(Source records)
§ §

locale triangulated =
  fixes C :: "('o,'m,'x) tricat_scheme"
  assumes hom_ob: "\<And>X Y. X \<notin> Ob C \<or> Y \<notin> Ob C \<Longrightarrow> Hom C X Y = {}"
    and cmp_closed: "\<And>X Y Z f g. f \<in> Hom C X Y \<Longrightarrow> g \<in> Hom C Y Z \<Longrightarrow> cmp C g f \<in> Hom C X Z"
    and idm_closed: "\<And>X. X \<in> Ob C \<Longrightarrow> idm C X \<in> Hom C X X"
    and idm_left: "\<And>X Y f. f \<in> Hom C X Y \<Longrightarrow> cmp C (idm C Y) f = f"
    and idm_right: "\<And>X Y f. f \<in> Hom C X Y \<Longrightarrow> cmp C f (idm C X) = f"
    and cmp_assoc: "\<And>W X Y Z f g h. f \<in> Hom C W X \<Longrightarrow> g \<in> Hom C X Y \<Longrightarrow> h \<in> Hom C Y Z \<Longrightarrow>
                      cmp C h (cmp C g f) = cmp C (cmp C h g) f"
    and zerom_closed: "\<And>X Y. X \<in> Ob C \<Longrightarrow> Y \<in> Ob C \<Longrightarrow> zerom C X Y \<in> Hom C X Y"
    and add_closed: "\<And>X Y f g. f \<in> Hom C X Y \<Longrightarrow> g \<in> Hom C X Y \<Longrightarrow> addm C f g \<in> Hom C X Y"
    and add_comm: "\<And>X Y f g. f \<in> Hom C X Y \<Longrightarrow> g \<in> Hom C X Y \<Longrightarrow> addm C f g = addm C g f"
    and add_assoc: "\<And>X Y f g h. f \<in> Hom C X Y \<Longrightarrow> g \<in> Hom C X Y \<Longrightarrow> h \<in> Hom C X Y \<Longrightarrow>
                      addm C (addm C f g) h = addm C f (addm C g h)"
    and add_zero: "\<And>X Y f. f \<in> Hom C X Y \<Longrightarrow> addm C f (zerom C X Y) = f"
    and add_inv: "\<And>X Y f. f \<in> Hom C X Y \<Longrightarrow> \<exists>g\<in>Hom C X Y. addm C f g = zerom C X Y"
    and cmp_add_left: "\<And>X Y Z f g1 g2. f \<in> Hom C X Y \<Longrightarrow> g1 \<in> Hom C Y Z \<Longrightarrow> g2 \<in> Hom C Y Z \<Longrightarrow>
                      cmp C (addm C g1 g2) f = addm C (cmp C g1 f) (cmp C g2 f)"
    and cmp_add_right: "\<And>X Y Z f1 f2 g. f1 \<in> Hom C X Y \<Longrightarrow> f2 \<in> Hom C X Y \<Longrightarrow> g \<in> Hom C Y Z \<Longrightarrow>
                      cmp C g (addm C f1 f2) = addm C (cmp C g f1) (cmp C g f2)"
    and zero_obj_ex: "\<exists>Z. zero_obj C Z"
    and biproduct_ex: "\<And>X Y. X \<in> Ob C \<Longrightarrow> Y \<in> Ob C \<Longrightarrow>
                      \<exists>P i1 i2 p1 p2. is_biproduct C X Y P i1 i2 p1 p2"
    and shO_closed: "\<And>X. X \<in> Ob C \<Longrightarrow> shO C X \<in> Ob C"
    and shOi_closed: "\<And>X. X \<in> Ob C \<Longrightarrow> shOi C X \<in> Ob C"
    and shO_shOi: "\<And>X. X \<in> Ob C \<Longrightarrow> shO C (shOi C X) = X"
    and shOi_shO: "\<And>X. X \<in> Ob C \<Longrightarrow> shOi C (shO C X) = X"
    and shM_bij: "\<And>X Y. X \<in> Ob C \<Longrightarrow> Y \<in> Ob C \<Longrightarrow>
                      bij_betw (shM C) (Hom C X Y) (Hom C (shO C X) (shO C Y))"
    and shM_cmp: "\<And>X Y Z f g. f \<in> Hom C X Y \<Longrightarrow> g \<in> Hom C Y Z \<Longrightarrow>
                      shM C (cmp C g f) = cmp C (shM C g) (shM C f)"
    and shM_idm: "\<And>X. X \<in> Ob C \<Longrightarrow> shM C (idm C X) = idm C (shO C X)"
    and shM_add: "\<And>X Y f g. f \<in> Hom C X Y \<Longrightarrow> g \<in> Hom C X Y \<Longrightarrow>
                      shM C (addm C f g) = addm C (shM C f) (shM C g)"
    and tri_hom: "\<And>X Y Z f g h. (X,Y,Z,f,g,h) \<in> Tri C \<Longrightarrow>
                      f \<in> Hom C X Y \<and> g \<in> Hom C Y Z \<and> h \<in> Hom C Z (shO C X)"
    and TR1_iso: "\<And>X Y Z f g h X' Y' Z' f' g' h' u v w.
                   (X,Y,Z,f,g,h) \<in> Tri C \<Longrightarrow>
                   f' \<in> Hom C X' Y' \<Longrightarrow> g' \<in> Hom C Y' Z' \<Longrightarrow> h' \<in> Hom C Z' (shO C X') \<Longrightarrow>
                   iso C X X' u \<Longrightarrow> iso C Y Y' v \<Longrightarrow> iso C Z Z' w \<Longrightarrow>
                   cmp C f' u = cmp C v f \<Longrightarrow> cmp C g' v = cmp C w g \<Longrightarrow>
                   cmp C h' w = cmp C (shM C u) h \<Longrightarrow>
                   (X',Y',Z',f',g',h') \<in> Tri C"
    and TR1_id: "\<And>X Z. X \<in> Ob C \<Longrightarrow> zero_obj C Z \<Longrightarrow>
                   (X,X,Z,idm C X, zerom C X Z, zerom C Z (shO C X)) \<in> Tri C"
    and TR1_ex: "\<And>X Y f. f \<in> Hom C X Y \<Longrightarrow> \<exists>Z g h. (X,Y,Z,f,g,h) \<in> Tri C"
    and TR2: "\<And>X Y Z f g h. f \<in> Hom C X Y \<Longrightarrow> g \<in> Hom C Y Z \<Longrightarrow> h \<in> Hom C Z (shO C X) \<Longrightarrow>
                   (X,Y,Z,f,g,h) \<in> Tri C \<longleftrightarrow>
                   (Y,Z,shO C X,g,h,negm C (shO C X) (shO C Y) (shM C f)) \<in> Tri C"
    and TR3: "\<And>X Y Z f g h X' Y' Z' f' g' h' u v.
                   (X,Y,Z,f,g,h) \<in> Tri C \<Longrightarrow> (X',Y',Z',f',g',h') \<in> Tri C \<Longrightarrow>
                   u \<in> Hom C X X' \<Longrightarrow> v \<in> Hom C Y Y' \<Longrightarrow> cmp C v f = cmp C f' u \<Longrightarrow>
                   \<exists>w\<in>Hom C Z Z'. cmp C w g = cmp C g' v \<and> cmp C h' w = cmp C (shM C u) h"
    and TR4: "\<And>X Y Z Z' X' Y' f g i1 j1 i2 j2 i3 j3.
                   (X,Y,Z',f,i1,j1) \<in> Tri C \<Longrightarrow> (Y,Z,X',g,i2,j2) \<in> Tri C \<Longrightarrow>
                   (X,Z,Y',cmp C g f,i3,j3) \<in> Tri C \<Longrightarrow>
                   \<exists>u\<in>Hom C Z' Y'. \<exists>v\<in>Hom C Y' X'.
                     (Z',Y',X',u,v,cmp C (shM C i1) j2) \<in> Tri C \<and>
                     cmp C u i1 = cmp C i3 g \<and> cmp C j3 u = j1 \<and>
                     cmp C v i3 = i2 \<and> cmp C j2 v = cmp C (shM C f) j3"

§ §

## Exercise prompt:
Could you write out all the entries exactly as given?

## Solved exercise:
locale triangulated =
  fixes C :: "('o,'m,'x) tricat_scheme"
  assumes hom_ob: "\<And>X Y. X \<notin> Ob C \<or> Y \<notin> Ob C \<Longrightarrow> Hom C X Y = {}"
    and cmp_closed: "\<And>X Y Z f g. f \<in> Hom C X Y \<Longrightarrow> g \<in> Hom C Y Z \<Longrightarrow> cmp C g f \<in> Hom C X Z"
    and idm_closed: "\<And>X. X \<in> Ob C \<Longrightarrow> idm C X \<in> Hom C X X"
    and idm_left: "\<And>X Y f. f \<in> Hom C X Y \<Longrightarrow> cmp C (idm C Y) f = f"
    and idm_right: "\<And>X Y f. f \<in> Hom C X Y \<Longrightarrow> cmp C f (idm C X) = f"
    and cmp_assoc: "\<And>W X Y Z f g h. f \<in> Hom C W X \<Longrightarrow> g \<in> Hom C X Y \<Longrightarrow> h \<in> Hom C Y Z \<Longrightarrow>
                      cmp C h (cmp C g f) = cmp C (cmp C h g) f"
    and zerom_closed: "\<And>X Y. X \<in> Ob C \<Longrightarrow> Y \<in> Ob C \<Longrightarrow> zerom C X Y \<in> Hom C X Y"
    and add_closed: "\<And>X Y f g. f \<in> Hom C X Y \<Longrightarrow> g \<in> Hom C X Y \<Longrightarrow> addm C f g \<in> Hom C X Y"
    and add_comm: "\<And>X Y f g. f \<in> Hom C X Y \<Longrightarrow> g \<in> Hom C X Y \<Longrightarrow> addm C f g = addm C g f"
    and add_assoc: "\<And>X Y f g h. f \<in> Hom C X Y \<Longrightarrow> g \<in> Hom C X Y \<Longrightarrow> h \<in> Hom C X Y \<Longrightarrow>
                      addm C (addm C f g) h = addm C f (addm C g h)"
    and add_zero: "\<And>X Y f. f \<in> Hom C X Y \<Longrightarrow> addm C f (zerom C X Y) = f"
    and add_inv: "\<And>X Y f. f \<in> Hom C X Y \<Longrightarrow> \<exists>g\<in>Hom C X Y. addm C f g = zerom C X Y"
    and cmp_add_left: "\<And>X Y Z f g1 g2. f \<in> Hom C X Y \<Longrightarrow> g1 \<in> Hom C Y Z \<Longrightarrow> g2 \<in> Hom C Y Z \<Longrightarrow>
                      cmp C (addm C g1 g2) f = addm C (cmp C g1 f) (cmp C g2 f)"
    and cmp_add_right: "\<And>X Y Z f1 f2 g. f1 \<in> Hom C X Y \<Longrightarrow> f2 \<in> Hom C X Y \<Longrightarrow> g \<in> Hom C Y Z \<Longrightarrow>
                      cmp C g (addm C f1 f2) = addm C (cmp C g f1) (cmp C g f2)"
    and zero_obj_ex: "\<exists>Z. zero_obj C Z"
    and biproduct_ex: "\<And>X Y. X \<in> Ob C \<Longrightarrow> Y \<in> Ob C \<Longrightarrow>
                      \<exists>P i1 i2 p1 p2. is_biproduct C X Y P i1 i2 p1 p2"
    and shO_closed: "\<And>X. X \<in> Ob C \<Longrightarrow> shO C X \<in> Ob C"
    and shOi_closed: "\<And>X. X \<in> Ob C \<Longrightarrow> shOi C X \<in> Ob C"
    and shO_shOi: "\<And>X. X \<in> Ob C \<Longrightarrow> shO C (shOi C X) = X"
    and shOi_shO: "\<And>X. X \<in> Ob C \<Longrightarrow> shOi C (shO C X) = X"
    and shM_bij: "\<And>X Y. X \<in> Ob C \<Longrightarrow> Y \<in> Ob C \<Longrightarrow>
                      bij_betw (shM C) (Hom C X Y) (Hom C (shO C X) (shO C Y))"
    and shM_cmp: "\<And>X Y Z f g. f \<in> Hom C X Y \<Longrightarrow> g \<in> Hom C Y Z \<Longrightarrow>
                      shM C (cmp C g f) = cmp C (shM C g) (shM C f)"
    and shM_idm: "\<And>X. X \<in> Ob C \<Longrightarrow> shM C (idm C X) = idm C (shO C X)"
    and shM_add: "\<And>X Y f g. f \<in> Hom C X Y \<Longrightarrow> g \<in> Hom C X Y \<Longrightarrow>
                      shM C (addm C f g) = addm C (shM C f) (shM C g)"
    and tri_hom: "\<And>X Y Z f g h. (X,Y,Z,f,g,h) \<in> Tri C \<Longrightarrow>
                      f \<in> Hom C X Y \<and> g \<in> Hom C Y Z \<and> h \<in> Hom C Z (shO C X)"
    and TR1_iso: "\<And>X Y Z f g h X' Y' Z' f' g' h' u v w.
                   (X,Y,Z,f,g,h) \<in> Tri C \<Longrightarrow>
                   f' \<in> Hom C X' Y' \<Longrightarrow> g' \<in> Hom C Y' Z' \<Longrightarrow> h' \<in> Hom C Z' (shO C X') \<Longrightarrow>
                   iso C X X' u \<Longrightarrow> iso C Y Y' v \<Longrightarrow> iso C Z Z' w \<Longrightarrow>
                   cmp C f' u = cmp C v f \<Longrightarrow> cmp C g' v = cmp C w g \<Longrightarrow>
                   cmp C h' w = cmp C (shM C u) h \<Longrightarrow>
                   (X',Y',Z',f',g',h') \<in> Tri C"
    and TR1_id: "\<And>X Z. X \<in> Ob C \<Longrightarrow> zero_obj C Z \<Longrightarrow>
                   (X,X,Z,idm C X, zerom C X Z, zerom C Z (shO C X)) \<in> Tri C"
    and TR1_ex: "\<And>X Y f. f \<in> Hom C X Y \<Longrightarrow> \<exists>Z g h. (X,Y,Z,f,g,h) \<in> Tri C"
    and TR2: "\<And>X Y Z f g h. f \<in> Hom C X Y \<Longrightarrow> g \<in> Hom C Y Z \<Longrightarrow> h \<in> Hom C Z (shO C X) \<Longrightarrow>
                   (X,Y,Z,f,g,h) \<in> Tri C \<longleftrightarrow>
                   (Y,Z,shO C X,g,h,negm C (shO C X) (shO C Y) (shM C f)) \<in> Tri C"
    and TR3: "\<And>X Y Z f g h X' Y' Z' f' g' h' u v.
                   (X,Y,Z,f,g,h) \<in> Tri C \<Longrightarrow> (X',Y',Z',f',g',h') \<in> Tri C \<Longrightarrow>
                   u \<in> Hom C X X' \<Longrightarrow> v \<in> Hom C Y Y' \<Longrightarrow> cmp C v f = cmp C f' u \<Longrightarrow>
                   \<exists>w\<in>Hom C Z Z'. cmp C w g = cmp C g' v \<and> cmp C h' w = cmp C (shM C u) h"
    and TR4: "\<And>X Y Z Z' X' Y' f g i1 j1 i2 j2 i3 j3.
                   (X,Y,Z',f,i1,j1) \<in> Tri C \<Longrightarrow> (Y,Z,X',g,i2,j2) \<in> Tri C \<Longrightarrow>
                   (X,Z,Y',cmp C g f,i3,j3) \<in> Tri C \<Longrightarrow>
                   \<exists>u\<in>Hom C Z' Y'. \<exists>v\<in>Hom C Y' X'.
                     (Z',Y',X',u,v,cmp C (shM C i1) j2) \<in> Tri C \<and>
                     cmp C u i1 = cmp C i3 g \<and> cmp C j3 u = j1 \<and>
                     cmp C v i3 = i2 \<and> cmp C j2 v = cmp C (shM C f) j3"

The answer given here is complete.